Era un pibe serio sí, más bien de esos para adentro. Venía, me contó una vez, del sur de Córdoba, de Coronel Moldes. No hablaba mucho de su familia, igual. Apenas sabía que había perdido un dedo de pibe, por meter la mano en una máquina de cortar carne. A EPEC llegó como técnico industrial, y después empezó a estudiar en el nocturno para ser electrotécnico. Dormía en una pensión del Barrio Colón y era hincha de Huracán, pero no recuerdo mucho más. A ver… sí, una vez contó que la había pasado mal, que a los 14 se había rajado de su pueblo y había llegado a Córdoba, que a veces dormía en un banco del Parque Sarmiento, que pasaba hambre. Entonces, que te tomen en EPEC era para cualquiera un privilegio.

Leía mucho, eso me acuerdo ahora. John Steinbeck y Howard Fast leía, José Ingenieros le gustaba también. Y después, claro, Marx, Lenin y esas cosas estudiaba. Pero lo que te quería contar era que, de a poco, muy despacito, el pibe se fue animando a hablar.
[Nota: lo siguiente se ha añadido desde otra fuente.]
(* Let $G$ be a finite simple graph and $m$ a positive integer. The generalized Mycielskian ${\sf M}_m(G)$ is a cover graph if and only if $G$ is bipartite.
   Context: A graph is a cover graph if it is the underlying (undirected) graph of the Hasse diagram of some finite partially ordered set. For a graph $G$ with vertex set $V_0=\{\langle 0,j\rangle : 0\le j\le n-1\}$ and edge set $E_0$, and $m>0$, the generalized Mycielskian ${\sf M}_m(G)$ has vertex set $V_0\cup V_1\cup\cdots\cup V_m\cup\{u\}$ where $V_i=\{\langle i,j\rangle: 0\le j\le n-1\}$, and edge set $E_0\cup E_1\cup\cdots\cup E_m\cup\{\langle m,j\rangle u: 0\le j\le n-1\}$, where $E_i=\{\langle i-1,j\rangle\langle i,k\rangle : \langle 0,j\rangle\langle 0,k\rangle\in E_0\}$ for $1\le i\le m$. *)

theory Defs
  imports Main
begin

definition simple_graph :: "'a set \<Rightarrow> ('a \<Rightarrow> 'a \<Rightarrow> bool) \<Rightarrow> bool" where
  "simple_graph V E \<longleftrightarrow> finite V \<and> (\<forall>x y. E x y \<longrightarrow> x \<in> V \<and> y \<in> V)
     \<and> (\<forall>x y. E x y \<longrightarrow> E y x) \<and> (\<forall>x. \<not> E x x)"

definition bipartite :: "'a set \<Rightarrow> ('a \<Rightarrow> 'a \<Rightarrow> bool) \<Rightarrow> bool" where
  "bipartite V E \<longleftrightarrow> (\<exists>A. A \<subseteq> V \<and> (\<forall>x y. E x y \<longrightarrow> (x \<in> A \<longleftrightarrow> y \<notin> A)))"

definition partial_order_on_set :: "'a set \<Rightarrow> ('a \<Rightarrow> 'a \<Rightarrow> bool) \<Rightarrow> bool" where
  "partial_order_on_set V le \<longleftrightarrow> (\<forall>x\<in>V. le x x)
     \<and> (\<forall>x\<in>V. \<forall>y\<in>V. le x y \<and> le y x \<longrightarrow> x = y)
     \<and> (\<forall>x\<in>V. \<forall>y\<in>V. \<forall>z\<in>V. le x y \<and> le y z \<longrightarrow> le x z)"

definition covers :: "'a set \<Rightarrow> ('a \<Rightarrow> 'a \<Rightarrow> bool) \<Rightarrow> 'a \<Rightarrow> 'a \<Rightarrow> bool" where
  "covers V le x y \<longleftrightarrow> x \<in> V \<and> y \<in> V \<and> le x y \<and> x \<noteq> y
     \<and> \<not> (\<exists>z\<in>V. le x z \<and> le z y \<and> z \<noteq> x \<and> z \<noteq> y)"

definition cover_graph :: "'a set \<Rightarrow> ('a \<Rightarrow> 'a \<Rightarrow> bool) \<Rightarrow> bool" where
  "cover_graph V E \<longleftrightarrow> finite V \<and> (\<exists>le. partial_order_on_set V le \<and>
     (\<forall>x\<in>V. \<forall>y\<in>V. E x y \<longleftrightarrow> covers V le x y \<or> covers V le y x))"

text \<open>Generalized Mycielskian M_m(G): vertex Some (i,v) is \<langle>i,v\<rangle> for 0 \<le> i \<le> m, None is u.\<close>
definition myc_verts :: "'a set \<Rightarrow> nat \<Rightarrow> (nat \<times> 'a) option set" where
  "myc_verts V m = {Some (i, v) | i v. i \<le> m \<and> v \<in> V} \<union> {None}"

fun myc_edge :: "'a set \<Rightarrow> ('a \<Rightarrow> 'a \<Rightarrow> bool) \<Rightarrow> nat \<Rightarrow>
    (nat \<times> 'a) option \<Rightarrow> (nat \<times> 'a) option \<Rightarrow> bool" where
  "myc_edge V E m (Some (i, x)) (Some (j, y)) \<longleftrightarrow>
     E x y \<and> ((i = 0 \<and> j = 0) \<or> (j = i + 1 \<and> j \<le> m) \<or> (i = j + 1 \<and> i \<le> m))"
| "myc_edge V E m (Some (i, x)) None \<longleftrightarrow> i = m \<and> x \<in> V"
| "myc_edge V E m None (Some (j, y)) \<longleftrightarrow> j = m \<and> y \<in> V"
| "myc_edge V E m None None \<longleftrightarrow> False"

end

theory Submission
  imports Defs
begin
Primero se ganó la confianza de sus compañeros de sección a fuerza de laburo; daba una mano en todo, era muy solidario el Gringo. Y la gente lo fue escuchando. Recién ahí se animó, tímidamente, a levantar la mano en las asambleas, a plantear algunas alternativas, y qué sé yo. Los viejos del sindicato, primero encantados con el pibe de la Central Mendoza, y después ya no tanto. La cuestión es que el Gringo un año después de entrar a EPEC era subdelegado y, a los 21 nomás, delegado…

* Por Jaime Galeano y Hugo Montero para Revista Sudestada. La nota completa en la edición gráfica de Sudestada Nº68 – Mayo 2008)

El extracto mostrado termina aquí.